On Thursday 06 March 2008 11:28:31 am Keith Lofstrom wrote:
<snip>
> "Almost nothing", unfortunately, can be a big difference.  When I was
> testing, tar did not produce bootable images, because some of the special
> files did not copy.   Perhaps it has been improved.  rsync does produce
> bootable images (if it did not, then dirvish wouldn't be very useful).
>
> My point is that these file copy tools can take a surprisingly long
> time.  My 500GB backup drive is now about 70% full, with about 100
> images on it (I do not expire them), meaning that to some tools, on
> the file level, the drive appears to contain around 60 terabytes.
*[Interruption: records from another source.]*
section \<open>Square roots of principal units\<close>

text \<open>Newton's iteration for a square root of \<open>a\<close>, with the derivative \<open>2 z\<close> replaced by \<open>2\<close>
  since \<open>z\<close> stays close to \<open>1\<close>.\<close>

lemma rat_sqrt_newton_step:
  assumes z: "padic_val_ge p (z - 1) (padic_val p 2 + 1)"
    and za: "padic_val_ge p (z * z - a) m" and m: "m \<ge> 2 * padic_val p 2 + 1"
  defines "z' \<equiv> z + (a - z * z) / 2"
  shows "padic_val_ge p (z' - 1) (padic_val p 2 + 1)" "padic_val_ge p (z' * z' - a) (m + 1)"
proof -
  have step: "padic_val_ge p ((a - z * z) / 2) (m - padic_val p 2)"
    using padic_val_ge_half za padic_val_ge_diff_commute by blast
  then have "padic_val_ge p ((a - z * z) / 2) (padic_val p 2 + 1)"
    using padic_val_ge_mono m by fastforce
  with z have "padic_val_ge p ((z - 1) + (a - z * z) / 2) (padic_val p 2 + 1)"
    by (rule padic_val_ge_add)
  then show "padic_val_ge p (z' - 1) (padic_val p 2 + 1)" unfolding z'_def
    by (simp add: algebra_simps)
  have "padic_val_ge p ((z * z - a) * (1 - z)) (m + (padic_val p 2 + 1))"
    using padic_val_ge_mult[OF za] z padic_val_ge_diff_commute by blast
  moreover have "padic_val_ge p ((a - z * z) / 2 * ((a - z * z) / 2))
      ((m - padic_val p 2) + (m - padic_val p 2))"
    using padic_val_ge_mult[OF step step] .
  ultimately have "padic_val_ge p ((z * z - a) * (1 - z)) (m + 1)"
    "padic_val_ge p ((a - z * z) / 2 * ((a - z * z) / 2)) (m + 1)"
    using m padic_val_two_nonneg by (auto elim!: padic_val_ge_mono)
  then have "padic_val_ge p ((z * z - a) * (1 - z) + (a - z * z) / 2 * ((a - z * z) / 2)) (m + 1)"
    by (rule padic_val_ge_add)
  moreover have "z' * z' - a = (z * z - a) * (1 - z) + (a - z * z) / 2 * ((a - z * z) / 2)"
    unfolding z'_def by (simp add: field_simps)
  ultimately show "padic_val_ge p (z' * z' - a) (m + 1)" by simp
qed
text \<open>
  The stabiliser of a vertex \<open>v\<close> acts transitively on the \<open>p\<close> neighbours of \<open>v\<close>, so it
  contains an element \<open>\<tau>\<close> of order \<open>p\<close>. Realise \<open>G\<close> by Moebius transformations of the
  projective line over \<open>GF(p)\<close> and conjugate so that \<open>\<tau>\<close> fixes \<open>\<infinity>\<close>; then \<open>\<tau>\<close> is a
  translation and every translation \<open>z \<mapsto> z + e\<close> lies in the stabiliser. By connectivity some
  \<open>x \<in> G\<close> maps \<open>v\<close> to a neighbour and moves \<open>\<infinity>\<close>. For a suitable upper triangular \<open>A\<close> in
  the stabiliser and a suitable translation \<open>T\<close>, the matrix of \<open>g = A T x\<close> has
  \<open>trace\<^sup>2 = det\<close>, so \<open>g\<^sup>3 = 1\<close> by Cayley--Hamilton, and \<open>v, g v, g\<^sup>2 v\<close> is a triangle.
  For \<open>PSL\<^sub>2(p)\<close> take \<open>A = 1\<close>. For \<open>PGL\<^sub>2(p)\<close>, as \<open>p \<equiv> 3 (mod 4)\<close>, either
  \<open>det\<close> or \<open>-det\<close> is a square; in the second case \<open>A\<close> is an involution of the stabiliser,
  which fixes \<open>\<infinity>\<close> since otherwise the stabiliser, of order \<open>2ps < p\<^sup>2\<close>, would contain the
  \<open>p\<^sup>2\<close> distinct elements \<open>\<tau>\<^sup>i A \<tau>\<^sup>j A\<close>. The graph \<open>K\<^sub>1\<^sub>2\<close> is trivial.
\<close>

section \<open>Integer 2-by-2 matrices\<close>

type_synonym mat = "int \<times> int \<times> int \<times> int"
lemma rm_invariant_step:
  assumes "rm_invariant t d m s" "s' \<in> set_pmf (rm_step d s)"
  shows "rm_invariant t d (Suc m) s'"
proof -
  obtain I S where s: "s = (I, S)" by (cases s)
  show ?thesis
  proof (cases "I = []")
    case True
    then show ?thesis using assms s by (auto simp: rm_step_def rm_invariant_def)
  next
    case False
    then obtain p where p: "p < length I" "s' = (remove_window d p I, insert (I ! p) S)"
      using assms(2) s by (auto simp: rm_step_def)
    have inv: "sorted_wrt (<) I" "set I \<subseteq> {1..t}" "S \<subseteq> {1..t}" "finite S" "card S \<le> m"
      "t \<le> length I + (2 * d + 1) * m" "\<forall>x\<in>S. \<forall>y\<in>set I. x + d < y \<or> y + d < x"
      "\<forall>x\<in>S. \<forall>y\<in>S. x < y \<longrightarrow> x + d < y"
      using assms(1) s by (auto simp: rm_invariant_def)
    let ?I' = "remove_window d p I" and ?z = "I ! p"
    have z: "?z \<in> set I" using p by simp
    have sub: "set ?I' \<subseteq> set I" by (rule set_remove_window_subset)
    have "sorted_wrt (<) ?I'" using sorted_remove_window[OF inv(1)] .
    moreover have "set ?I' \<subseteq> {1..t}" "insert ?z S \<subseteq> {1..t}" "finite (insert ?z S)"
      using sub z inv by auto
    moreover have "card (insert ?z S) \<le> Suc m" using inv by (simp add: card_insert_if)
    moreover have "t \<le> length ?I' + (2 * d + 1) * Suc m"
      using inv(6) length_remove_window[of I d p] by simp
    moreover have "\<forall>x\<in>insert ?z S. \<forall>y\<in>set ?I'. x + d < y \<or> y + d < x"
      using inv(7) sub remove_window_far[OF inv(1) p(1)] by blast
    moreover have "\<forall>x\<in>insert ?z S. \<forall>y\<in>insert ?z S. x < y \<longrightarrow> x + d < y"
      using inv(7,8) z by fastforce
    ultimately show ?thesis using p by (simp add: rm_invariant_def)
  qed
qed
lemma hecke_equiv_reading_word_two_rows:
  assumes "finite D" "finite D'" "1 \<le> m"
    and outside: "\<And>r j. r \<noteq> m \<Longrightarrow> r \<noteq> Suc m \<Longrightarrow> (r, j) \<in> D \<longleftrightarrow> (r, j) \<in> D'"
    and rows: "hecke_equiv (row D m @ row D (Suc m)) (row D' m @ row D' (Suc m))"
  shows "hecke_equiv (reading_word D) (reading_word D')"
proof -
  obtain K where K: "Suc m \<le> K" "Max (insert 0 (fst ` D)) \<le> K" "Max (insert 0 (fst ` D')) \<le> K"
    by (metis max.cobounded1 max.cobounded2 max.coboundedI2)
  have upt: "[1..<Suc K] = [1..<m] @ [m, Suc m] @ [Suc (Suc m)..<Suc K]"
    using \<open>1 \<le> m\<close> K(1) upt_add_eq_append[of 1 m "Suc K - m"] by (simp add: upt_conv_Cons)
  have split: "reading_word E = concat (map (row E) [1..<m]) @ (row E m @ row E (Suc m))
      @ concat (map (row E) [Suc (Suc m)..<Suc K])"
    if "E = D \<or> E = D'" for E
  proof -
    have "reading_word E = concat (map (row E) [1..<Suc K])"
      using that assms(1,2) K(2,3) reading_word_eq_rows by blast
    then show ?thesis
      by (simp only: upt map_append concat_append list.map concat.simps append.assoc append_Nil2)
  qed
  have "row D r = row D' r" if "r \<noteq> m" "r \<noteq> Suc m" for r
    using outside[OF that] by (intro row_word_cong) blast
  then have "map (row D) [1..<m] = map (row D') [1..<m]"
    "map (row D) [Suc (Suc m)..<Suc K] = map (row D') [Suc (Suc m)..<Suc K]"
    by (auto intro: map_cong)
  with hecke_equiv_append[OF rows] split show ?thesis
    by metis
qed

lemma window_word:
  assumes "1 \<le> r" "c < d" "\<forall>j. c < j \<and> j < d \<longrightarrow> (r, j) \<in> E"
  defines "lo \<equiv> if (r, c) \<in> E then c else Suc c"
    and "hi \<equiv> if (r, d) \<in> E then Suc d else d"
  shows "row_word E r (\<lambda>j. c \<le> j \<and> j \<le> d) = staircase (r + lo - 1) (hi - lo)"
proof (rule row_word_interval[OF assms(1)])
  show "{j. (r, j) \<in> E \<and> c \<le> j \<and> j \<le> d} = {lo..<hi}"
    using assms(2,3) unfolding lo_def hi_def by (auto simp: le_less less_Suc_eq)
qed

text \<open>Inside the rectangle only \<open>(m, d)\<close> and \<open>(m + 1, c)\<close> may differ between \<open>D\<close> and \<open>D'\<close>:
  the first decides the length of the staircase read off row \<open>m\<close>, the second where the
  staircase of row \<open>m + 1\<close> starts.\<close>

lemma hecke_equiv_reading_word_rectangle:
  assumes "finite D" "finite D'" and rect: "chute_interior D m c d"
    and corners: "(m, c) \<notin> D" "(m, c) \<notin> D'" "(Suc m, d) \<notin> D" "(Suc m, d) \<notin> D'"
    and agree: "\<And>p. p \<noteq> (m, d) \<Longrightarrow> p \<noteq> (Suc m, c) \<Longrightarrow> p \<in> D \<longleftrightarrow> p \<in> D'"
    and staircases: "hecke_equiv
      (staircase (m + c) (if (m, d) \<in> D then d - c else d - c - 1) @
       (if (Suc m, c) \<in> D then staircase (m + c) (d - c) else staircase (Suc (m + c)) (d - c - 1)))
      (staircase (m + c) (if (m, d) \<in> D' then d - c else d - c - 1) @
       (if (Suc m, c) \<in> D' then staircase (m + c) (d - c) else staircase (Suc (m + c)) (d - c - 1)))"
  shows "hecke_equiv (reading_word D) (reading_word D')"
proof -
  have m: "1 \<le> m" and "c < d"
    and interior: "\<And>j. c < j \<Longrightarrow> j < d \<Longrightarrow> (m, j) \<in> D \<and> (Suc m, j) \<in> D"
    using rect by (auto simp: chute_interior_def)
  have window: "row_word E r (\<lambda>j. c \<le> j \<and> j \<le> d) =
      staircase (r + (if (r, c) \<in> E then c else Suc c) - 1)
        ((if (r, d) \<in> E then Suc d else d) - (if (r, c) \<in> E then c else Suc c))"
    if "E = D \<or> E = D'" "r = m \<or> r = Suc m" for E r
    using that interior agree m \<open>c < d\<close> by (intro window_word) auto
  have Wm: "row_word E m (\<lambda>j. c \<le> j \<and> j \<le> d) =
      staircase (m + c) (if (m, d) \<in> E then d - c else d - c - 1)"
    if "E = D \<or> E = D'" for E
    using window[OF that] that corners \<open>c < d\<close> by auto
  have WSm: "row_word E (Suc m) (\<lambda>j. c \<le> j \<and> j \<le> d) =
      (if (Suc m, c) \<in> E then staircase (m + c) (d - c) else staircase (Suc (m + c)) (d - c - 1))"
    if "E = D \<or> E = D'" for E
    using window[OF that] that corners \<open>c < d\<close> by auto
  have "hecke_equiv (row D m @ row D (Suc m)) (row D' m @ row D' (Suc m))"
  proof (rule hecke_equiv_two_rows_window[OF assms(1,2) m \<open>c < d\<close> _ corners])
    show "(r, j) \<in> D \<longleftrightarrow> (r, j) \<in> D'" if "r = m \<or> r = Suc m" "j < c \<or> d < j" for r j
      using that agree \<open>c < d\<close> by auto
    show "hecke_equiv
        (row_word D m (\<lambda>j. c \<le> j \<and> j \<le> d) @ row_word D (Suc m) (\<lambda>j. c \<le> j \<and> j \<le> d))
        (row_word D' m (\<lambda>j. c \<le> j \<and> j \<le> d) @ row_word D' (Suc m) (\<lambda>j. c \<le> j \<and> j \<le> d))"
      using staircases by (simp only: Wm WSm simp_thms)
  qed
  then show ?thesis
    using agree by (intro hecke_equiv_reading_word_two_rows[OF assms(1,2) m]) auto
qed

abbreviation chute :: "(nat \<times> nat) set \<Rightarrow> (nat \<times> nat) set \<Rightarrow> bool" where
  "chute D D' \<equiv> chute1 D D' \<or> chute2 D D' \<or> chute3 D D'"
> A drive copy at the file level will attempt to traverse a large
> fraction of that 60TB;  if the interface is running at 20MB/sec
> that will take a large fraction of 800 hours.  Yikes!
>
<snip>

Actually, tar can create bootable images.  Gentoo stage3 images does that very 
thing.  All you need to do after untaring the stage 3 file is compile a 
kernel and grub/lilo, and off you go.  Is it the happiest of boots?  No, not 
really.  It does work, however.  I've also used netcat and tar to copy a 
build on an old machine from a new one that compiled the packages with 
Gentoo.  After that, I setup grub, and booted away.